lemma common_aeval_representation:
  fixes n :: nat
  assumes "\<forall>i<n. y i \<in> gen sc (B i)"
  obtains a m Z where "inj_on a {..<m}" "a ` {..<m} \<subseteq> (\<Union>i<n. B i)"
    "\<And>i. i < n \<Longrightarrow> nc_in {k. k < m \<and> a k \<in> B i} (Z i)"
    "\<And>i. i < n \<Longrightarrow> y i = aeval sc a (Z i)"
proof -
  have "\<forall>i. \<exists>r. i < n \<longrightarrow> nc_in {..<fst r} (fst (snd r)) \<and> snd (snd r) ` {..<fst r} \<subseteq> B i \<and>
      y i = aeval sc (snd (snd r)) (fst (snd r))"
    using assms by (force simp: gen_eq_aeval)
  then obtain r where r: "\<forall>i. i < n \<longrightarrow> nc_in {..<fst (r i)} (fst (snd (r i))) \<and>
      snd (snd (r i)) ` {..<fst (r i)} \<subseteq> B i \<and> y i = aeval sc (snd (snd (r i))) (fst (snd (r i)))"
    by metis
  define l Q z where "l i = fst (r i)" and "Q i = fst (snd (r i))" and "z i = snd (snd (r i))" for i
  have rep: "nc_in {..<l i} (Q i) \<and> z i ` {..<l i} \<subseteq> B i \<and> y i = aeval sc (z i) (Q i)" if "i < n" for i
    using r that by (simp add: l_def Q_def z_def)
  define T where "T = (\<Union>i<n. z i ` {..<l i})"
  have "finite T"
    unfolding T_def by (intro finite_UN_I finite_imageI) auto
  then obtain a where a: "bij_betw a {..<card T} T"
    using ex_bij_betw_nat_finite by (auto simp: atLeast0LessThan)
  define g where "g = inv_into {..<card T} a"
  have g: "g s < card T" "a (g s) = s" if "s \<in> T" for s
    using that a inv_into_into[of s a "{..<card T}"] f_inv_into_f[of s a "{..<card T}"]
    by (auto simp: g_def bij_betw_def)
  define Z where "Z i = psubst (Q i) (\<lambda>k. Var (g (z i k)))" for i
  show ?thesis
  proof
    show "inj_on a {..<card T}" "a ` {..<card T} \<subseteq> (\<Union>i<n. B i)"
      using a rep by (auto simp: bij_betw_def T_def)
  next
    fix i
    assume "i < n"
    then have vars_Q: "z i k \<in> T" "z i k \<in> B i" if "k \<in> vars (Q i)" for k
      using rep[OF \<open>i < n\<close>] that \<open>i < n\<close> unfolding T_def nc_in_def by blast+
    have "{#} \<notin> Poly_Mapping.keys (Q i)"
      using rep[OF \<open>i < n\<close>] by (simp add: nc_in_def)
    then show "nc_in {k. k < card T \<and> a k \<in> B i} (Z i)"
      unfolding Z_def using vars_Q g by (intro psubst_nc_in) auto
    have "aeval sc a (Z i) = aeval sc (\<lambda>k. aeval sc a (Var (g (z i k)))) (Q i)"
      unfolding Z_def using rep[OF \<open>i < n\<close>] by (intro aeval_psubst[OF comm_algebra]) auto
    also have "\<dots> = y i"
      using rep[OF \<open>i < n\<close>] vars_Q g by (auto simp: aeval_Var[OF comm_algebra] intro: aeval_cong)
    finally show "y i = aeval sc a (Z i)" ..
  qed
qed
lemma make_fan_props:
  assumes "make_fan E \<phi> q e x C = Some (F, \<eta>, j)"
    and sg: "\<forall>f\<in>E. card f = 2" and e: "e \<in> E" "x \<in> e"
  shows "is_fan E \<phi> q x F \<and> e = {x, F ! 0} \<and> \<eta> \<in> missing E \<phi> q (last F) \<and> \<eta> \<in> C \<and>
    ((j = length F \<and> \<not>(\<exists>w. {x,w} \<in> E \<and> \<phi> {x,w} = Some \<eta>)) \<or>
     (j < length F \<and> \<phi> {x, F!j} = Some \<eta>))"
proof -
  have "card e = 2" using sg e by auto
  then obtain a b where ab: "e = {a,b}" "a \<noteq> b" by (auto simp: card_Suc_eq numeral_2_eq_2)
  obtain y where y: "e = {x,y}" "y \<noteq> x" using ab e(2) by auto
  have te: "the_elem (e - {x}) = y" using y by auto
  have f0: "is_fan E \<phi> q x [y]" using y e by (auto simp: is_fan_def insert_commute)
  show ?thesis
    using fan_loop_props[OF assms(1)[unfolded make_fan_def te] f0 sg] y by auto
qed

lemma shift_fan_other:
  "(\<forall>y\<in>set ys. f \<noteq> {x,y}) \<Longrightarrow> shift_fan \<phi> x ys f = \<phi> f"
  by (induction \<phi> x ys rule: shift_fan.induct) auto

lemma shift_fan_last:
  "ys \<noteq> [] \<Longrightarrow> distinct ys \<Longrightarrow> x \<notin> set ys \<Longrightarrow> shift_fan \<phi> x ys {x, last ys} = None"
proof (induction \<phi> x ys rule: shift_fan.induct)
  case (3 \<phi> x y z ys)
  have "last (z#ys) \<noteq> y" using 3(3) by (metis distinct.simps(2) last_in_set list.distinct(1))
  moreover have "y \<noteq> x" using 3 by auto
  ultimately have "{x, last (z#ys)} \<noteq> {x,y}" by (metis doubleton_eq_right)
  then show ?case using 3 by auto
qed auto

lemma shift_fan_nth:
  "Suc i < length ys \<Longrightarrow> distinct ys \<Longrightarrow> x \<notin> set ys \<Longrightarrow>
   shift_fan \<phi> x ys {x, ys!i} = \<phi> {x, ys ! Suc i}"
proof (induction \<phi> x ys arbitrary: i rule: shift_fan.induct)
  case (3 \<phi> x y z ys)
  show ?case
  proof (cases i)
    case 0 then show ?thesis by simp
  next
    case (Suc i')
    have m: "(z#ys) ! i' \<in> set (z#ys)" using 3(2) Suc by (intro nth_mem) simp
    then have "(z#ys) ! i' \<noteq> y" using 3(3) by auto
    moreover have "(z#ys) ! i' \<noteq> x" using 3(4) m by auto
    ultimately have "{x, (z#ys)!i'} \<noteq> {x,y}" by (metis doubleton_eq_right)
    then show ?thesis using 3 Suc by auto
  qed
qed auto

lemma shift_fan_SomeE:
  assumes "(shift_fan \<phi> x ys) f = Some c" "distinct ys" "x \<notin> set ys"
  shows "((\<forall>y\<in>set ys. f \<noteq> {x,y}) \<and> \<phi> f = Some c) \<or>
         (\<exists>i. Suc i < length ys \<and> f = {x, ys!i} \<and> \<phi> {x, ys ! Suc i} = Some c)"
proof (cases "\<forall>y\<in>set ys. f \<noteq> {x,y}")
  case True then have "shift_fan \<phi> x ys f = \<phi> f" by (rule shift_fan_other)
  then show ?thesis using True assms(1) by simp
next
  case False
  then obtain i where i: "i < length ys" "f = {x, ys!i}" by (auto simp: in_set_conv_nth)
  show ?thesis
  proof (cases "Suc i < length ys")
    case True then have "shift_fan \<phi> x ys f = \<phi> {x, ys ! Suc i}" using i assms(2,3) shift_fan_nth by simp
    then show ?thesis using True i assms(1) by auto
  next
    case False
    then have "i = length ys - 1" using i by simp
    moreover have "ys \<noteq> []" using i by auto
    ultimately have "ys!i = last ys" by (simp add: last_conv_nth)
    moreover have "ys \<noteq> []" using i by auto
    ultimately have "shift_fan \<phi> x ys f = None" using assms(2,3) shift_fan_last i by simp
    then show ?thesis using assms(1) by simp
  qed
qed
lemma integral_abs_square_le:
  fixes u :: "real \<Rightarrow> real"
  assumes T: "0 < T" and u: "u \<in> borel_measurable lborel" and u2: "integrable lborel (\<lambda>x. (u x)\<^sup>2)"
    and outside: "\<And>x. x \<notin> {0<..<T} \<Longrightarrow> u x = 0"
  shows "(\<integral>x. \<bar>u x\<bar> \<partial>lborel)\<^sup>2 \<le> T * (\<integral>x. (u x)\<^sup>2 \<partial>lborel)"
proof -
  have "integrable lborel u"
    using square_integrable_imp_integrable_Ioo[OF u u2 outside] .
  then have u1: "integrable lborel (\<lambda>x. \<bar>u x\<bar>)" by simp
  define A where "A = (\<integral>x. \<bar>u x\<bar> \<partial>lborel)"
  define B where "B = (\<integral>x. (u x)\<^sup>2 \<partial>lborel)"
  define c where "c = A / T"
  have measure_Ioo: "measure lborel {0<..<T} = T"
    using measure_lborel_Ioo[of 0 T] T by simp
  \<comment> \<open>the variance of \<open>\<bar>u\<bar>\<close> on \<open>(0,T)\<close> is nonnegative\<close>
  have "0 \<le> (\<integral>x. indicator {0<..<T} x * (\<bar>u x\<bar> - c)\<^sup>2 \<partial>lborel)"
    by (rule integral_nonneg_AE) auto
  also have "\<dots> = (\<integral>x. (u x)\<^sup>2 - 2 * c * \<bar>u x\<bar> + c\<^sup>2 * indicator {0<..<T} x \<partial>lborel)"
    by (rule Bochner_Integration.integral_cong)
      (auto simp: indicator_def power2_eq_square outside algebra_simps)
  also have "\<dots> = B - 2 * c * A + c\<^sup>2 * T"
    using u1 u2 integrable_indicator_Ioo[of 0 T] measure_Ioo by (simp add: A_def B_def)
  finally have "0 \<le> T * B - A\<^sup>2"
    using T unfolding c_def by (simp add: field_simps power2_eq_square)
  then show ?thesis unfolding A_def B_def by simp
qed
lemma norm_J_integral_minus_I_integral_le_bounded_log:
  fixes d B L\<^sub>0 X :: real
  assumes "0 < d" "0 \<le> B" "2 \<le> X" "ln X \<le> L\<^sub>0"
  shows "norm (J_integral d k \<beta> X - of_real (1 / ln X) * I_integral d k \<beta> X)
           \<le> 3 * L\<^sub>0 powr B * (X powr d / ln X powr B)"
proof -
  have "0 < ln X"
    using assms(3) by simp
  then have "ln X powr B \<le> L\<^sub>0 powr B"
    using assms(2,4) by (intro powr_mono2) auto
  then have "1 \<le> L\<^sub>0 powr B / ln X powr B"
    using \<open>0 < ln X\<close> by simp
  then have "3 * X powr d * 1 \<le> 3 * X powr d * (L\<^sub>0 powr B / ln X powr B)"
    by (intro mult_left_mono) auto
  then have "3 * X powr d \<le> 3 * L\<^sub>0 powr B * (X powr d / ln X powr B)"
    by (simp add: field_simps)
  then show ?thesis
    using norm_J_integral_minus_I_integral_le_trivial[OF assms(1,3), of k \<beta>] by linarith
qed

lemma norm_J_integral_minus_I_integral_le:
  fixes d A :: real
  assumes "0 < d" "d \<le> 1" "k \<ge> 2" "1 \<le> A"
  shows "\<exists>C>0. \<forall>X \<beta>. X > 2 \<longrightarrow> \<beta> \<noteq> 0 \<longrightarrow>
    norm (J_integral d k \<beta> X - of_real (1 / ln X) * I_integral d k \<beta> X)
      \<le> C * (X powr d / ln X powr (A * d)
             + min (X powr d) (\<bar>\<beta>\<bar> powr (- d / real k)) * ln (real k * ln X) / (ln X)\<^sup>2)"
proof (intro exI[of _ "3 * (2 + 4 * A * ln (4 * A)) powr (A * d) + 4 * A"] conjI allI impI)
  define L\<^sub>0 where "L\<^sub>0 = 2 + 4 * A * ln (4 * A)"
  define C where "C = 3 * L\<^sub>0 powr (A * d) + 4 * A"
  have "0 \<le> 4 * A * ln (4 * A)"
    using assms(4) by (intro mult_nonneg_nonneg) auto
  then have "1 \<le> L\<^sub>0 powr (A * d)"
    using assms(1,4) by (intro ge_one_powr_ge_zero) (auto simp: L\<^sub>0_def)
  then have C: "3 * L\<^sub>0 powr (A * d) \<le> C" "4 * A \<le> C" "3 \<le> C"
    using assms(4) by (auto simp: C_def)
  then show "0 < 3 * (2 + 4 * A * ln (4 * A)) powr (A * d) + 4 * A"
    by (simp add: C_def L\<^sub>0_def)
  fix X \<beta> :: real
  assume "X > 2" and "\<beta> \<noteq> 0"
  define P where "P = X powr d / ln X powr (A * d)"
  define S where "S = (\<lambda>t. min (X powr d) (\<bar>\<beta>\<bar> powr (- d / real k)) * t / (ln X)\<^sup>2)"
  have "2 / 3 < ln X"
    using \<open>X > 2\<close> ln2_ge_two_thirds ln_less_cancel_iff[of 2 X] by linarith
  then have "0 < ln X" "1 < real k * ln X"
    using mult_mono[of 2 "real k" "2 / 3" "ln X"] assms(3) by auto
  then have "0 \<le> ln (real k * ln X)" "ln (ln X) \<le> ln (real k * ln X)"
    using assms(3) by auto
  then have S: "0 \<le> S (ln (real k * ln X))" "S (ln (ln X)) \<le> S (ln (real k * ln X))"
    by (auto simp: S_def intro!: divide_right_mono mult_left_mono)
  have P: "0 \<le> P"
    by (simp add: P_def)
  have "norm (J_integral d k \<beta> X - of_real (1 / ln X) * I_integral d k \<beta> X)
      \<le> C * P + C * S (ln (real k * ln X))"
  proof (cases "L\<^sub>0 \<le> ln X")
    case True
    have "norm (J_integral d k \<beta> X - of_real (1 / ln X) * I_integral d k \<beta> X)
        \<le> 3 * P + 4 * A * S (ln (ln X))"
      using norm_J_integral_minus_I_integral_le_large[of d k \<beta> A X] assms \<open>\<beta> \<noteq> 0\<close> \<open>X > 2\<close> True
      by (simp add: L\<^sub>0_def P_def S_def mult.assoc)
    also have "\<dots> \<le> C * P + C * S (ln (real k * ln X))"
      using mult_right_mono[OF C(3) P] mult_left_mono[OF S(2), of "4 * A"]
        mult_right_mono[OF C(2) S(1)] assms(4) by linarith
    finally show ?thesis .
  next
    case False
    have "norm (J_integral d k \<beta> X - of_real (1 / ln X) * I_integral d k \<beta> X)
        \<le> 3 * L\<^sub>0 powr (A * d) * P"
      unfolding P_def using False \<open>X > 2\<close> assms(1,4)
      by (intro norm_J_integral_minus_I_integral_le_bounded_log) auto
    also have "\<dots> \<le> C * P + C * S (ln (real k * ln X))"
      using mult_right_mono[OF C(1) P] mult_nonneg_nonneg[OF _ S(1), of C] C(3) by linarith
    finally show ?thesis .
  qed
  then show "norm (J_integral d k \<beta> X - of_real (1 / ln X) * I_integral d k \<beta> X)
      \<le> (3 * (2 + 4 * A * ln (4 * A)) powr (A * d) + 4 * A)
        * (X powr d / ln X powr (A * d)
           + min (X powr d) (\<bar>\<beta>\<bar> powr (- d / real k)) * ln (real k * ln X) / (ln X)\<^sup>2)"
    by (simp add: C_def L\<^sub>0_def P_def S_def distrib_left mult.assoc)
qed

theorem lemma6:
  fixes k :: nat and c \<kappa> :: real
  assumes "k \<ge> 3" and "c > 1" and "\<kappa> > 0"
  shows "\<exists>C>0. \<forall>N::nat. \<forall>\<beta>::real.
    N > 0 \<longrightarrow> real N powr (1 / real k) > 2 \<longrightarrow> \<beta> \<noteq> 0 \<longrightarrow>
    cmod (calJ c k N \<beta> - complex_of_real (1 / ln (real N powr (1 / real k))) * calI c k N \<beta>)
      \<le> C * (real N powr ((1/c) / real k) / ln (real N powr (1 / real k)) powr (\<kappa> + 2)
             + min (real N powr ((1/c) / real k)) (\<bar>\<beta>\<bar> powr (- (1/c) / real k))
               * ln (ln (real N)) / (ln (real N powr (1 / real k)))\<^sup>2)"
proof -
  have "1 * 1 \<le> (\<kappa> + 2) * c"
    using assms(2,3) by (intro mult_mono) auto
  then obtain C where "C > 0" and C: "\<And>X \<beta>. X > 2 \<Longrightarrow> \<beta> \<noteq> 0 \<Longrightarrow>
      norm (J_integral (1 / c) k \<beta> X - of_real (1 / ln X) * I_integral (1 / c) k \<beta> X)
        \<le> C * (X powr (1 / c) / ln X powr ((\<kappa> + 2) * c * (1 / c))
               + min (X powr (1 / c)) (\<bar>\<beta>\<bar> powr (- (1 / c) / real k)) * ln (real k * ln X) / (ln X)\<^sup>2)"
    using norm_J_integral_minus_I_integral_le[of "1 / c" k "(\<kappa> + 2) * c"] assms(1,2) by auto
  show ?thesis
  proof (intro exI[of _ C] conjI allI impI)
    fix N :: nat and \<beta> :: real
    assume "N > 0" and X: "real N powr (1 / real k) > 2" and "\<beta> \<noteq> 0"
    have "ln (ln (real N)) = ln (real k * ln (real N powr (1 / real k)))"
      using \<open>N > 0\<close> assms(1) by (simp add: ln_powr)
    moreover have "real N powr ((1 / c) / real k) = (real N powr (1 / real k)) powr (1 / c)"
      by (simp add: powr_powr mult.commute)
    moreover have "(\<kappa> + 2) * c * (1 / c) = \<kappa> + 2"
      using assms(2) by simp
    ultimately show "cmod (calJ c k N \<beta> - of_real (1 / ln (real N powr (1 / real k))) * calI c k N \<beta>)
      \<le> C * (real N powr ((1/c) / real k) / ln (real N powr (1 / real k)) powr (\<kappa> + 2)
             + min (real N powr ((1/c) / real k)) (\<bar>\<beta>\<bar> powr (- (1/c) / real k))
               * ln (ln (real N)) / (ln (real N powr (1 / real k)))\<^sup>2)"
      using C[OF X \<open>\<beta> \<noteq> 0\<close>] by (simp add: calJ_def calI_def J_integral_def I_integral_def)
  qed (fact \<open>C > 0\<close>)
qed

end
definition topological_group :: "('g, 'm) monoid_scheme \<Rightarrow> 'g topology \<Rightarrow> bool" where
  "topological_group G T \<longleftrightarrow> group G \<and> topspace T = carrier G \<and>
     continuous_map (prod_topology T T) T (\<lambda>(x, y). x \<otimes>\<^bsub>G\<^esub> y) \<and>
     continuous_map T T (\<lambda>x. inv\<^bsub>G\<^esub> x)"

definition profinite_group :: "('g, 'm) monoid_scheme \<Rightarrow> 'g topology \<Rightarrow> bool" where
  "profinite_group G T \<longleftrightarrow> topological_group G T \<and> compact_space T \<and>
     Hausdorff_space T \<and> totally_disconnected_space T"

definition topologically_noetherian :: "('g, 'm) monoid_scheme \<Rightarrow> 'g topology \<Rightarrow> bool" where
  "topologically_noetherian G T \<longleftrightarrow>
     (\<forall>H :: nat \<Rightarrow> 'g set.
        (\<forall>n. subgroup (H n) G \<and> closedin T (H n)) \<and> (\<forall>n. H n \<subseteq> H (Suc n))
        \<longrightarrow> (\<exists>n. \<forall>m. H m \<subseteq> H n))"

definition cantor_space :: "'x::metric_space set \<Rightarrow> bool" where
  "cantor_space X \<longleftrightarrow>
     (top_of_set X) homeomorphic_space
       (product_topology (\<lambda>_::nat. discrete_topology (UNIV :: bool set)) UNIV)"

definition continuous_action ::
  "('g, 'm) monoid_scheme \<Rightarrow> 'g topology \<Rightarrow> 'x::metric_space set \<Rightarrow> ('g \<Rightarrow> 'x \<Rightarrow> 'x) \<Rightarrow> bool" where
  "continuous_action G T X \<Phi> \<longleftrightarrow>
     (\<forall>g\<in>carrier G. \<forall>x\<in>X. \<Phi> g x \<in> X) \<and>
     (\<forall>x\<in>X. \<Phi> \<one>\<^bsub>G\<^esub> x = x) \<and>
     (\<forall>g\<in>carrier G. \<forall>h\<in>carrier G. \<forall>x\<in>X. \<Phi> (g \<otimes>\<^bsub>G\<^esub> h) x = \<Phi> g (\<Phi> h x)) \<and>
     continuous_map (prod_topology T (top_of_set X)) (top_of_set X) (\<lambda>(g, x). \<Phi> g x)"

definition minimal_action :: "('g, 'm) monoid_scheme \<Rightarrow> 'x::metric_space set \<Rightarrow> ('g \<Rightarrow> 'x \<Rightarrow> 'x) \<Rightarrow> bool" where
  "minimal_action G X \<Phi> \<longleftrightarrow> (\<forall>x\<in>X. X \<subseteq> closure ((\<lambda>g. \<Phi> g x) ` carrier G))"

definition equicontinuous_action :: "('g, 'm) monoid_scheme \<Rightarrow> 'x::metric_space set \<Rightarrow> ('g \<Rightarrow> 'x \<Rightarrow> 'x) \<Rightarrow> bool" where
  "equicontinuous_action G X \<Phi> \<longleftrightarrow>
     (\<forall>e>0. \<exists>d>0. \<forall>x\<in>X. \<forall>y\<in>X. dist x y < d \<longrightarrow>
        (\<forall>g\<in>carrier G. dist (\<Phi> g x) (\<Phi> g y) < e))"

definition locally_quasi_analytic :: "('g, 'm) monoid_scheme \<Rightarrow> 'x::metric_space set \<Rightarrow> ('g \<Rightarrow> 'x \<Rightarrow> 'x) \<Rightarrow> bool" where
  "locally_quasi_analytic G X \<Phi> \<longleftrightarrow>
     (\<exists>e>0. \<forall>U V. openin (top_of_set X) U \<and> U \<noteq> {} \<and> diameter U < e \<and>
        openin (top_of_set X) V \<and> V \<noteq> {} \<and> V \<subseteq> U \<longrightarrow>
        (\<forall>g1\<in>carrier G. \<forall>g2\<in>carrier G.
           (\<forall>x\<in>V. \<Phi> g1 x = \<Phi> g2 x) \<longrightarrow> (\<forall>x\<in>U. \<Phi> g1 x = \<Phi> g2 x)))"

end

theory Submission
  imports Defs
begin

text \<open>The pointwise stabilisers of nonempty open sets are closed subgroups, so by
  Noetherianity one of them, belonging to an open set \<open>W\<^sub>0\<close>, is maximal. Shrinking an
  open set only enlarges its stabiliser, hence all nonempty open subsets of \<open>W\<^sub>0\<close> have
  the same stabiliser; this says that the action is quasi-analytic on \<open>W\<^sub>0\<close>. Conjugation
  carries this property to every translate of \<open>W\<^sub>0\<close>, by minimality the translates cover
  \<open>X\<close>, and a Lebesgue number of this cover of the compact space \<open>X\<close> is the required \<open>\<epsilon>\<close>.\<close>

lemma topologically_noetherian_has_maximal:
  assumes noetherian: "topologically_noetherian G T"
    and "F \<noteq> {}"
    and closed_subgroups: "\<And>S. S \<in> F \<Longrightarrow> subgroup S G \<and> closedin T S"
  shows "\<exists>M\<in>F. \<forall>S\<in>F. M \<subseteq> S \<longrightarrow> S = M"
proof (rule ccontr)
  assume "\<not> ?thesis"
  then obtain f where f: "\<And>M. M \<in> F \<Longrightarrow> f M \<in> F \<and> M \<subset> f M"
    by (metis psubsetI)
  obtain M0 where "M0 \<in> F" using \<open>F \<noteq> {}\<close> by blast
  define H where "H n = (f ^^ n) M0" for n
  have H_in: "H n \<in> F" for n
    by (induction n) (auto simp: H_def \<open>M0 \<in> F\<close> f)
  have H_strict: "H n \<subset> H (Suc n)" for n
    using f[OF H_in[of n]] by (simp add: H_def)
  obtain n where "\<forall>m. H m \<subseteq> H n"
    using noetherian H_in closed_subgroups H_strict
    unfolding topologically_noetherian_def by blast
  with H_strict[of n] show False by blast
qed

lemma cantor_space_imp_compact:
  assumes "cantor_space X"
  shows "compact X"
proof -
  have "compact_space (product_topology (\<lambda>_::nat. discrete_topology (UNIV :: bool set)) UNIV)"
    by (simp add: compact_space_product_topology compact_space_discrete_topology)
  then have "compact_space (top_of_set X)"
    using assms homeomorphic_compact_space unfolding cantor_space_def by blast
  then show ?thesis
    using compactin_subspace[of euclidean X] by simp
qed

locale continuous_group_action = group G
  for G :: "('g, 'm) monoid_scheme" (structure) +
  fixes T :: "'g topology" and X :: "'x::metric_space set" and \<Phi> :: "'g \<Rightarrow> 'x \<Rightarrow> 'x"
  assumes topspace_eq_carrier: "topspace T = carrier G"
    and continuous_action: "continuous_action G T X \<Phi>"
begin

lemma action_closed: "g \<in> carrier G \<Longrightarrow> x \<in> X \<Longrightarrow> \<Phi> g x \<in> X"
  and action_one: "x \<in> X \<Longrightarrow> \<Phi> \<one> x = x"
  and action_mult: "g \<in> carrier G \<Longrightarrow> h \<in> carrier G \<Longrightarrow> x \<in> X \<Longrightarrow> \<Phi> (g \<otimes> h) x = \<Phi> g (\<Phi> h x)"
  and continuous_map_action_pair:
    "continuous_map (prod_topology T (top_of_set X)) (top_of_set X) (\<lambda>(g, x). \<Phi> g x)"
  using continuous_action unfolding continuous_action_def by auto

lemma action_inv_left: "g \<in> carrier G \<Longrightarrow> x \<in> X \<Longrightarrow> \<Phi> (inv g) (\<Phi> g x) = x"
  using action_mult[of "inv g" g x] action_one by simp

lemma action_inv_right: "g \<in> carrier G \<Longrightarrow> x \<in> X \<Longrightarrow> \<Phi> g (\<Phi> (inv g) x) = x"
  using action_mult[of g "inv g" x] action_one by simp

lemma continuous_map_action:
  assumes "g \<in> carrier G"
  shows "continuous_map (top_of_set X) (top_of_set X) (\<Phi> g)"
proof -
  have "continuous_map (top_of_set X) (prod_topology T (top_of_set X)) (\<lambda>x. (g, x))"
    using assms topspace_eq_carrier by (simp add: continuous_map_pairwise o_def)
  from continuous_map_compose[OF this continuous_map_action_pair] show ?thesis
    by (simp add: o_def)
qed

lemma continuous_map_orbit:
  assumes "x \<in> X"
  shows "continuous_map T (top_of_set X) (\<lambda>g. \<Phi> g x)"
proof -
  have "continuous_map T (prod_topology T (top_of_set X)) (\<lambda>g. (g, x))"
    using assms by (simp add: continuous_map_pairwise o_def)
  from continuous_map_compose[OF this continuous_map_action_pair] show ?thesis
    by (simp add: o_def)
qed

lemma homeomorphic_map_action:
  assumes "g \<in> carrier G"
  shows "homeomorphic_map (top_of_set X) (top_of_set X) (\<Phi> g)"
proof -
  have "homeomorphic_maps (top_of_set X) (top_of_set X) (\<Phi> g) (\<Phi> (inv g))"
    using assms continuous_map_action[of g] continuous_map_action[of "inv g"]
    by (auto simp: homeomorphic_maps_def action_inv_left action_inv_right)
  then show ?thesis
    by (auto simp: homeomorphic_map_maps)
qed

What the task requires
Each line of the records with the word "nonempty" in it is to be copied.

Answer box
text \<open>The pointwise stabilisers of nonempty open sets are closed subgroups, so by
  open set only enlarges its stabiliser, hence all nonempty open subsets of \<open>W\<^sub>0\<close> have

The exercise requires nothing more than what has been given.